[Data records]
◆ ◆ ◆ ◆ ◆
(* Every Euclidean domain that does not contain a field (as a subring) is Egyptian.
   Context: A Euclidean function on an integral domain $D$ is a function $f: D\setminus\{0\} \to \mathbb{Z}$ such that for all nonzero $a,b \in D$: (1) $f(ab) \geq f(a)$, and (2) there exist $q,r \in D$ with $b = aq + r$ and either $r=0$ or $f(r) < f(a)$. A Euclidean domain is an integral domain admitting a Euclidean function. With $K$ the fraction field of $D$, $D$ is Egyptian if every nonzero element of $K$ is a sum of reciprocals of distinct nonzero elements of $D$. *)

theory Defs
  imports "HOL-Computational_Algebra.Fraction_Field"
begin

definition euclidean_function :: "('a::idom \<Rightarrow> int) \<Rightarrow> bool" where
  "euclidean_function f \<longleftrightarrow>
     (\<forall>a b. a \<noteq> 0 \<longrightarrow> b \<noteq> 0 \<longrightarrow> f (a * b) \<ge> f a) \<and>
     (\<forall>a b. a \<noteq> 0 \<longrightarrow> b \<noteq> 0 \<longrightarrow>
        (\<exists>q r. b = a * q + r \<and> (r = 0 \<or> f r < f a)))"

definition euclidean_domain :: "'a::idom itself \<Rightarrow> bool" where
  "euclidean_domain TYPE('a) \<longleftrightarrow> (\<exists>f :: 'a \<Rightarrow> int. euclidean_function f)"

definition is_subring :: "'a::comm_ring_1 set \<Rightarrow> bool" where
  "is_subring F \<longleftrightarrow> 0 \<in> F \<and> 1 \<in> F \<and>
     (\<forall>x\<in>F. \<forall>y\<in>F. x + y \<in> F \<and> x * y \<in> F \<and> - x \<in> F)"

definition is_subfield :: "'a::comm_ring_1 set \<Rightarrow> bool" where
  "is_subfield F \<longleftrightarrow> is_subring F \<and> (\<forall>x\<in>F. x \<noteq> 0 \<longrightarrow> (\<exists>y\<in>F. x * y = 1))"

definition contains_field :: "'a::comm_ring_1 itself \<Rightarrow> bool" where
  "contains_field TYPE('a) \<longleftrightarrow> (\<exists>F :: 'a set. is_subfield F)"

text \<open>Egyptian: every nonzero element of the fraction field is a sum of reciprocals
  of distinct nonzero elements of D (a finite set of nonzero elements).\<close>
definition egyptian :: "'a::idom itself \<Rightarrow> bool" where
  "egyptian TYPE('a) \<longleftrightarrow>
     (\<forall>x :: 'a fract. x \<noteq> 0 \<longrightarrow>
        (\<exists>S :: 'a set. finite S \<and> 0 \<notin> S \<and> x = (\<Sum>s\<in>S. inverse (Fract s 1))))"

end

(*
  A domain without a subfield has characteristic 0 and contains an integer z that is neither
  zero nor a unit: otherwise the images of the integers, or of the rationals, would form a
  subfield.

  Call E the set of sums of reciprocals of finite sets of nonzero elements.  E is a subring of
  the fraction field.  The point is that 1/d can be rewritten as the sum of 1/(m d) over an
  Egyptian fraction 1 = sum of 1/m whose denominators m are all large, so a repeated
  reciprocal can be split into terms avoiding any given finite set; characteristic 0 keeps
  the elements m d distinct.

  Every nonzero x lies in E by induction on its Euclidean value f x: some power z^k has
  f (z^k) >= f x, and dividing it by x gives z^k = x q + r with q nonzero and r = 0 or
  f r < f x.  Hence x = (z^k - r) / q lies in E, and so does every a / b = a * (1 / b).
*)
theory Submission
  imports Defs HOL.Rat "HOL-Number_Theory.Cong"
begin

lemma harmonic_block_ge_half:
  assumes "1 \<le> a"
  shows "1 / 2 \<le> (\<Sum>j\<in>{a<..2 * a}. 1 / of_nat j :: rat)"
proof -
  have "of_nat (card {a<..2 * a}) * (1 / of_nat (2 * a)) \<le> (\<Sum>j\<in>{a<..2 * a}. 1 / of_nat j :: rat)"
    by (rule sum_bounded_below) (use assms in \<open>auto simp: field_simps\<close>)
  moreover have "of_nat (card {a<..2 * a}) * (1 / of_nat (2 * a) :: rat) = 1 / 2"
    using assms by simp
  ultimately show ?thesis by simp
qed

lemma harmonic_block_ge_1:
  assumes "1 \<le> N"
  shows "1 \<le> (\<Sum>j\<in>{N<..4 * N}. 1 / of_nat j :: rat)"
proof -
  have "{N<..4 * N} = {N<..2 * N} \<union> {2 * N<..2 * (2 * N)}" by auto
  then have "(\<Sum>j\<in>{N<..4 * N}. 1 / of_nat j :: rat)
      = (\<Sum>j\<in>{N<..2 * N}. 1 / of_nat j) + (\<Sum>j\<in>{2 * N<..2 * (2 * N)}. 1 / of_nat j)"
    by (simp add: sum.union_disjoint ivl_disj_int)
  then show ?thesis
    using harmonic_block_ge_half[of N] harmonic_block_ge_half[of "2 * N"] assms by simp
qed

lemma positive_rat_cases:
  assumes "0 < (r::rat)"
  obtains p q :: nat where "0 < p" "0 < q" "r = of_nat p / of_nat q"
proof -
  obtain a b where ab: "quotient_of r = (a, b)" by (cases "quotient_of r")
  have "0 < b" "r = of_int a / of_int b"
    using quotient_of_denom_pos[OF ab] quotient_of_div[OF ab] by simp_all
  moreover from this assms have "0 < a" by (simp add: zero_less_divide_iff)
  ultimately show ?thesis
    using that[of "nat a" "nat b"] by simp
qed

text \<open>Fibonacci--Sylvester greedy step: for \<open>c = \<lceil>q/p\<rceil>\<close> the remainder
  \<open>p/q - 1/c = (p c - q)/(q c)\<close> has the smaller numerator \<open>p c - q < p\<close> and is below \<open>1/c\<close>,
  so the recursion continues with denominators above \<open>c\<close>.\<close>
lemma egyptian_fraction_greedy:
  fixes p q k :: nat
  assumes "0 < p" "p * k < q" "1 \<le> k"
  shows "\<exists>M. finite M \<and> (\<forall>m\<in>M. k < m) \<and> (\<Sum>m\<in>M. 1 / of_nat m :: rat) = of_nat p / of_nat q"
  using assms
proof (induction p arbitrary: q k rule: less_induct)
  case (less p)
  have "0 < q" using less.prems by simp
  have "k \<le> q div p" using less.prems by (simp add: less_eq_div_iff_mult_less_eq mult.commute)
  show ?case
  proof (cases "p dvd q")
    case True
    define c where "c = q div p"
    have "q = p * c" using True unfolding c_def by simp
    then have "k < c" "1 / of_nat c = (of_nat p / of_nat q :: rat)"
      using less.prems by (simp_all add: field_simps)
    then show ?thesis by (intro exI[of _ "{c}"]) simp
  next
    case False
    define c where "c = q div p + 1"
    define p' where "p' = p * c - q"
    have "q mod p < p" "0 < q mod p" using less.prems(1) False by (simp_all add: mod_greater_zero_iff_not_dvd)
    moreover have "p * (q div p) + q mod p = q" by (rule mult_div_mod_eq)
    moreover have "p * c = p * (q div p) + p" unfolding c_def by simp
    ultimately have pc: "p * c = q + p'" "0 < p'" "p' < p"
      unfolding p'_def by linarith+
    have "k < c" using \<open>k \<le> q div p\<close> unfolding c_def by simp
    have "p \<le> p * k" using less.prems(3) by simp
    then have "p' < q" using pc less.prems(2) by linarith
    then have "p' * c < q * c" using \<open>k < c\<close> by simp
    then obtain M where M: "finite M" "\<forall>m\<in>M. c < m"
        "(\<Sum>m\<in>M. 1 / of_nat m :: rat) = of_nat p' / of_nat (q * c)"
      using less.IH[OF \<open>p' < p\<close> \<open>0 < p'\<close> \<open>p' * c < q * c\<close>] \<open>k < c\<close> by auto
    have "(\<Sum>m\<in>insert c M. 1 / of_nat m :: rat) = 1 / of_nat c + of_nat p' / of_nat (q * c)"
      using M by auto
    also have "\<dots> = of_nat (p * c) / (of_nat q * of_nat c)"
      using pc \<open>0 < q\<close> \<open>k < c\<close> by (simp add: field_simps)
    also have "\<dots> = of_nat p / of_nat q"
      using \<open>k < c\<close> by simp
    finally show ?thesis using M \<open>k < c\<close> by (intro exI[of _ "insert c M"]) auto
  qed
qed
◆ ◆ ◆ ◆ ◆
Look through the entries above and quote exactly the lines from the line with "the elements m d distinct." to the line with "theory Submission", counting both of those lines.

Solution to this problem:
  the elements m d distinct.

  Every nonzero x lies in E by induction on its Euclidean value f x: some power z^k has
  f (z^k) >= f x, and dividing it by x gives z^k = x q + r with q nonzero and r = 0 or
  f r < f x.  Hence x = (z^k - r) / q lies in E, and so does every a / b = a * (1 / b).
*)
theory Submission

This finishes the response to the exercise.